## What is expected
Go through the entries below and copy every line that holds the word "False".

━━━ Provided data

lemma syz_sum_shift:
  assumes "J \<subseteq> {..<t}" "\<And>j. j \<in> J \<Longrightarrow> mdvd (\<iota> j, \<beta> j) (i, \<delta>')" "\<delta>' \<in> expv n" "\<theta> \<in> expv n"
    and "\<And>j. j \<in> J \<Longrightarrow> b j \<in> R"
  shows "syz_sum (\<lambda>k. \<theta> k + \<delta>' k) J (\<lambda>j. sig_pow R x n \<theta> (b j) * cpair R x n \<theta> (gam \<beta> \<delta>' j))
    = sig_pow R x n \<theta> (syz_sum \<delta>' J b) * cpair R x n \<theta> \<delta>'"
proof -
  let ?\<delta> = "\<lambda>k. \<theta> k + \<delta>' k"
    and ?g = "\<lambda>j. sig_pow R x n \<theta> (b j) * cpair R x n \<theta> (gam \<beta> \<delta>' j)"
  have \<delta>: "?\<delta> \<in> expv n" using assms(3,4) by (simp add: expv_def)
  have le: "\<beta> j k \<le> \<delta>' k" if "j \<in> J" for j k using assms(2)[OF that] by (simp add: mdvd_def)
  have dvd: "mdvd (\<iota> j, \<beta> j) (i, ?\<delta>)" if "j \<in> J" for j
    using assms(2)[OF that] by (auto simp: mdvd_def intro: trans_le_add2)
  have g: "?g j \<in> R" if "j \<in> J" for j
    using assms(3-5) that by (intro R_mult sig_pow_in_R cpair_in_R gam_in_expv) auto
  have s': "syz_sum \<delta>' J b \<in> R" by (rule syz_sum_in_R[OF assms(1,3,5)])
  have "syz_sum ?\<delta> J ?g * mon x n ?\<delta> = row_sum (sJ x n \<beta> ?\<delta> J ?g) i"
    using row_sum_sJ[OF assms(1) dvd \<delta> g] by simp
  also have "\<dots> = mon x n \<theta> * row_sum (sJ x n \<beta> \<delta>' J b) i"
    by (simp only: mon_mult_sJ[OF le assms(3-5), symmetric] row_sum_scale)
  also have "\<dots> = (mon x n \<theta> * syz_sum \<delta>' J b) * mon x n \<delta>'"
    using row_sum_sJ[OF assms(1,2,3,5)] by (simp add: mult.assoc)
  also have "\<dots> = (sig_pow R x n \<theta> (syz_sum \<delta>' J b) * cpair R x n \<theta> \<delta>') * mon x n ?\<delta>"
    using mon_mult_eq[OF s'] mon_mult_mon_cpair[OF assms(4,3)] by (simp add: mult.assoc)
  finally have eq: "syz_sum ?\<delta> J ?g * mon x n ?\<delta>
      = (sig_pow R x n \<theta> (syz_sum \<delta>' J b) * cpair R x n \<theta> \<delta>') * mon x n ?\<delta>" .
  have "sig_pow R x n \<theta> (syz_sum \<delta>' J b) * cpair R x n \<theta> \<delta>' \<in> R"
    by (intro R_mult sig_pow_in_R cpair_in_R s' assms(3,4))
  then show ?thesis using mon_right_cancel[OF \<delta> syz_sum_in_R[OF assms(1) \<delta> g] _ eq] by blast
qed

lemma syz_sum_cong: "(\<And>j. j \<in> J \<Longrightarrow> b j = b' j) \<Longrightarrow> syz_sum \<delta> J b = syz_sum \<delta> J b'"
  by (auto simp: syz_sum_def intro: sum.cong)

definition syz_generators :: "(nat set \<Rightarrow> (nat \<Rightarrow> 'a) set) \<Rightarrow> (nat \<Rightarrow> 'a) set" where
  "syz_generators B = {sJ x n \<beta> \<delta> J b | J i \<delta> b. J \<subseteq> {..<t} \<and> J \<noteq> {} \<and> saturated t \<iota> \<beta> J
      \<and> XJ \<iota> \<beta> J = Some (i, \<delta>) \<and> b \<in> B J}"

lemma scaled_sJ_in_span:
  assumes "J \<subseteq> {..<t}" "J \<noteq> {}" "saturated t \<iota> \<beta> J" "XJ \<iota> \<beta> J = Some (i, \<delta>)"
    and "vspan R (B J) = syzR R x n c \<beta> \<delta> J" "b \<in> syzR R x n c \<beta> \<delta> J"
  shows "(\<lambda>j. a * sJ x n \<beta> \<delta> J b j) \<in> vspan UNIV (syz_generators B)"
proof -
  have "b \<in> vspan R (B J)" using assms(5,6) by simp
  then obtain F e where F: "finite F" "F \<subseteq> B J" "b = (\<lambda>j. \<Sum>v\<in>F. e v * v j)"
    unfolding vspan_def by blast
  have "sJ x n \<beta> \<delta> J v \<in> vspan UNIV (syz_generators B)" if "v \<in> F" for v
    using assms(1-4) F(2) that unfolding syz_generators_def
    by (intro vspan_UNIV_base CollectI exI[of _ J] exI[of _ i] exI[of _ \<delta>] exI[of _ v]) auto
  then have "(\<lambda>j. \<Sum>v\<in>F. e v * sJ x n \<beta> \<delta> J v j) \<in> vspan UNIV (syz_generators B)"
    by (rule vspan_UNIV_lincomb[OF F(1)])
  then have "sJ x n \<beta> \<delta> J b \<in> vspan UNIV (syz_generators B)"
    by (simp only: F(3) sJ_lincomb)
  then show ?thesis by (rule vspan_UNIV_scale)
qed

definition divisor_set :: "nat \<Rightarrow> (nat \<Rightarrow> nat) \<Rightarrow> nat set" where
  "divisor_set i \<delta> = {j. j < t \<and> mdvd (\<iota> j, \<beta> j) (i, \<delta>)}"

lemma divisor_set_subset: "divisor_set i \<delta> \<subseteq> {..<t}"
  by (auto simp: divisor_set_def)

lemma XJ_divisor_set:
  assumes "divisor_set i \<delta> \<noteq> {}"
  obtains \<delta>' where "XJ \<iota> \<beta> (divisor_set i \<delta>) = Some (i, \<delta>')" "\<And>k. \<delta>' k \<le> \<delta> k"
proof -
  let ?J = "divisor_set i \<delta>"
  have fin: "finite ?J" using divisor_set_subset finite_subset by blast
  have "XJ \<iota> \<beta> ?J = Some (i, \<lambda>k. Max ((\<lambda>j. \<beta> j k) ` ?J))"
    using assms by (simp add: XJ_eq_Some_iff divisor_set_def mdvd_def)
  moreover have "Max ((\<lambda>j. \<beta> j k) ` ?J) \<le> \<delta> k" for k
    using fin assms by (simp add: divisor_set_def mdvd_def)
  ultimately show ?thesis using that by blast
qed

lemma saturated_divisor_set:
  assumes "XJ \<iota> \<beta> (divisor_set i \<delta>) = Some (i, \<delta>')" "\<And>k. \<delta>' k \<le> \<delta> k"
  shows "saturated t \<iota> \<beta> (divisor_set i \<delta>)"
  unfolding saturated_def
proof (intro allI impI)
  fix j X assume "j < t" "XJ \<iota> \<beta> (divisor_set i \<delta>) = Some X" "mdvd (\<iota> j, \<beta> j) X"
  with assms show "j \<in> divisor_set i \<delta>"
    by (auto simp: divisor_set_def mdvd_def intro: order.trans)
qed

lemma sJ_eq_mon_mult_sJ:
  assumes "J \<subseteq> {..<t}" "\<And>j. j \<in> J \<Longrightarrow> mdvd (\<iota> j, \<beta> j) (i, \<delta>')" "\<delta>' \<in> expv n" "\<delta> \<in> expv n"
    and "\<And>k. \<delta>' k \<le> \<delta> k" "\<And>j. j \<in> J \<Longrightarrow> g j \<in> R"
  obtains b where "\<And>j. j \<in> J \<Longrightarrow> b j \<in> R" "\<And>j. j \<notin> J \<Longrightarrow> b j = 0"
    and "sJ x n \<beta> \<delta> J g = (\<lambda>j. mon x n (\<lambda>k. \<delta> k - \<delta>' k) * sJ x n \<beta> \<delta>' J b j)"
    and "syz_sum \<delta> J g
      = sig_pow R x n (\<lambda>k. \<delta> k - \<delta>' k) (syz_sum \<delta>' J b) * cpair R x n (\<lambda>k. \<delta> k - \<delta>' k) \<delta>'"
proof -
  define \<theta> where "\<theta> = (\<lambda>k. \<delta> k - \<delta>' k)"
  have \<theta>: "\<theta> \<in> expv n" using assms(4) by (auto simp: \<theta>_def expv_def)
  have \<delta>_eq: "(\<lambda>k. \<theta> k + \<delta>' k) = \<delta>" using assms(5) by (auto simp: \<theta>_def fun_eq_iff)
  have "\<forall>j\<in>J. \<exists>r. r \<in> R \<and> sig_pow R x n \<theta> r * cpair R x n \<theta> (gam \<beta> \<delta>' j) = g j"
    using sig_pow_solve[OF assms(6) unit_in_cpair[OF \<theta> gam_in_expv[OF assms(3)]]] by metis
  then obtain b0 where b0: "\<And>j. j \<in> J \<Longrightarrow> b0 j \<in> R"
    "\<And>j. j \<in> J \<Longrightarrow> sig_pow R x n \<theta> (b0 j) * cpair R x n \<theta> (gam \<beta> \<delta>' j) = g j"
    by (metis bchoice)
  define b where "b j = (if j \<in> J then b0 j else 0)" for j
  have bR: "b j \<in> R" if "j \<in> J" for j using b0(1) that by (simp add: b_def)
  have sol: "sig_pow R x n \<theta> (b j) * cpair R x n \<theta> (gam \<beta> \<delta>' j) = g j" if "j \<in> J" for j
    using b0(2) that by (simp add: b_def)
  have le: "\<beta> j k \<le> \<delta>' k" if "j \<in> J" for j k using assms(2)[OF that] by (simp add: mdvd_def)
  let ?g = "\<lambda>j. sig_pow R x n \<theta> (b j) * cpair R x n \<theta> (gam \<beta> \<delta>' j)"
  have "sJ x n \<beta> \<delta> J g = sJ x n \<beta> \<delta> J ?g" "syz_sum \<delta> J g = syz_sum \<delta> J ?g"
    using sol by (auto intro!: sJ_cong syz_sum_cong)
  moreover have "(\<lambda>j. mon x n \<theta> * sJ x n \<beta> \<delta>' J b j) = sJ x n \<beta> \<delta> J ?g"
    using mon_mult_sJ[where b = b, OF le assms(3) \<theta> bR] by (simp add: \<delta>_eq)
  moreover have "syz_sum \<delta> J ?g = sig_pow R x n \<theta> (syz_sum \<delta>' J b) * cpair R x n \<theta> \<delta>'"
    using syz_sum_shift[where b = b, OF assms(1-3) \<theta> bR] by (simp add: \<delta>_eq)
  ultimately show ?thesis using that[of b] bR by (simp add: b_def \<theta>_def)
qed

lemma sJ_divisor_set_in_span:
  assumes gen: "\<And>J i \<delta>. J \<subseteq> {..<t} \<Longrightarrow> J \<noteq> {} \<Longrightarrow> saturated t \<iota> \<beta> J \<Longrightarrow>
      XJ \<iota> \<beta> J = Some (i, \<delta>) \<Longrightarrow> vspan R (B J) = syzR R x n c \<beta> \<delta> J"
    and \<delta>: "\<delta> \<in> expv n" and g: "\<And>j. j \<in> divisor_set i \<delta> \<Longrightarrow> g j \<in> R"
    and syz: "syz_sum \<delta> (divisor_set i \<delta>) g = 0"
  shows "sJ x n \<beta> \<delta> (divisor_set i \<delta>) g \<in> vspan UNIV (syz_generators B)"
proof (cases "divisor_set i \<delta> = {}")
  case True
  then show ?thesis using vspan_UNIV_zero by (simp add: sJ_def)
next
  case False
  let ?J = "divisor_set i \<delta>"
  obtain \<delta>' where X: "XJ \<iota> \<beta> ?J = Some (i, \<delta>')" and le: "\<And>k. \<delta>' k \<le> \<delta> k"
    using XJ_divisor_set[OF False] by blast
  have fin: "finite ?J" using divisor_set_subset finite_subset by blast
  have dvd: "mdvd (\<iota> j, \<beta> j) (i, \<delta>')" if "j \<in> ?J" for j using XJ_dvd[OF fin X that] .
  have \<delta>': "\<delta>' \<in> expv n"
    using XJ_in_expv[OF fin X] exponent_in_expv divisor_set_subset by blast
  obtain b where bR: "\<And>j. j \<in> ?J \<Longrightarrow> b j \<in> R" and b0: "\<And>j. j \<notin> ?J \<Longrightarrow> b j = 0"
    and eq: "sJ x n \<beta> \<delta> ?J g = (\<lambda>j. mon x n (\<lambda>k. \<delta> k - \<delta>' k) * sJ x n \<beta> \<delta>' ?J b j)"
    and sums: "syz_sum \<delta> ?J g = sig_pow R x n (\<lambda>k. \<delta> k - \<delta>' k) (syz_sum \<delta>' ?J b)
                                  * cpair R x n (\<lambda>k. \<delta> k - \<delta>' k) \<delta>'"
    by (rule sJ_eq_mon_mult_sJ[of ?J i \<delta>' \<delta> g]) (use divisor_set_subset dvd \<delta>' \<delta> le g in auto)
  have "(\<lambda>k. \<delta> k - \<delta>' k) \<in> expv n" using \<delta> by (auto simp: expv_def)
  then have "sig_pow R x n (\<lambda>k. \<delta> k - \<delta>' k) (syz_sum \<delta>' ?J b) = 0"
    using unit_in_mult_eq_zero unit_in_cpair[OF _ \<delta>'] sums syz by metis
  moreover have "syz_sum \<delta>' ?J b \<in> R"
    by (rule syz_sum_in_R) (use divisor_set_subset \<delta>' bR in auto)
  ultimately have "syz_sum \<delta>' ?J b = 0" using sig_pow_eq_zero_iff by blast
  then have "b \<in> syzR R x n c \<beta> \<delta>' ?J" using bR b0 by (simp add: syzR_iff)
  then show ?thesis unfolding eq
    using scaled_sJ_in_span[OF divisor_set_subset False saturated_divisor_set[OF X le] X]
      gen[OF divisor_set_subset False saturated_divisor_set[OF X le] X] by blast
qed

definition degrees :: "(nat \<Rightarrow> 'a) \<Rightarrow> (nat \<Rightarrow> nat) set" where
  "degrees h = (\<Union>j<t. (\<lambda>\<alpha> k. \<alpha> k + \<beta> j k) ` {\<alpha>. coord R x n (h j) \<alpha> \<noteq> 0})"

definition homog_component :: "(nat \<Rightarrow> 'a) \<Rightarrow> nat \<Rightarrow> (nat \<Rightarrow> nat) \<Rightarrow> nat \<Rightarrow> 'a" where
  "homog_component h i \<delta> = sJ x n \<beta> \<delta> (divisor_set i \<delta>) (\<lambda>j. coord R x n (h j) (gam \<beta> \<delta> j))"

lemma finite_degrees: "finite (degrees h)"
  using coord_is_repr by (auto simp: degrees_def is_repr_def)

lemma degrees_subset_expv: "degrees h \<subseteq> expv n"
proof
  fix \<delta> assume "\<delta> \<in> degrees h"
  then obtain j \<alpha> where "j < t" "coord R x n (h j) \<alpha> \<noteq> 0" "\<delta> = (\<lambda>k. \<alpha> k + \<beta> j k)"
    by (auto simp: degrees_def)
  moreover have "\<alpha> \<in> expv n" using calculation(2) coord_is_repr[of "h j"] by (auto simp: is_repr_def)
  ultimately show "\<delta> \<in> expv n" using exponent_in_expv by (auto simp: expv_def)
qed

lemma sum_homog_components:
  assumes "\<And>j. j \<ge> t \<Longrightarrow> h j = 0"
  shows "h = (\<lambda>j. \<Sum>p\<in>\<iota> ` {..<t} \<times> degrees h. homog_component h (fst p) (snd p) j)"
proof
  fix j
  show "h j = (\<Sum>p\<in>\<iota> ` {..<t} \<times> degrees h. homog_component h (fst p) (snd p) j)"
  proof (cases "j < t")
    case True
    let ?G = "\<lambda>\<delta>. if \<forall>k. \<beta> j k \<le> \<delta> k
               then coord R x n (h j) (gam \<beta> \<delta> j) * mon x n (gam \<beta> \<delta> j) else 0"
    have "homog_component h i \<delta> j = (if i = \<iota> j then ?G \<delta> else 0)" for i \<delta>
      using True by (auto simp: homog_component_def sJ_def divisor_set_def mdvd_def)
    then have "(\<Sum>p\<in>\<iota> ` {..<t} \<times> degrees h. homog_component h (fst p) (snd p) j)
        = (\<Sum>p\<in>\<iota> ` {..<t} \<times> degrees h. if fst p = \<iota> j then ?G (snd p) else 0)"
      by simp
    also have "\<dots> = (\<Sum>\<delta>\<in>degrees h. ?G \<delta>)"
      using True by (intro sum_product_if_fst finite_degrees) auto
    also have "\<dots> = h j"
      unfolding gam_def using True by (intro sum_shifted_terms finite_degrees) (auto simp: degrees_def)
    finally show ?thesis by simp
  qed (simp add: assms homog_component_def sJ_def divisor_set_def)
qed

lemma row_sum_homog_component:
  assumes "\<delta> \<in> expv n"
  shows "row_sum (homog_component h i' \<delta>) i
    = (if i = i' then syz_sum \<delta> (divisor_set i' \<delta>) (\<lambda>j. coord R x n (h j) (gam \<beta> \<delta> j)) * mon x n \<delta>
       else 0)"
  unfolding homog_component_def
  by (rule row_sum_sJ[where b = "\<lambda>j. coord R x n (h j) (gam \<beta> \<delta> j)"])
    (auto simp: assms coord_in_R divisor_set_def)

━━━━━━

## Written solution
  case False
    using XJ_divisor_set[OF False] by blast
    using scaled_sJ_in_span[OF divisor_set_subset False saturated_divisor_set[OF X le] X]
      gen[OF divisor_set_subset False saturated_divisor_set[OF X le] X] by blast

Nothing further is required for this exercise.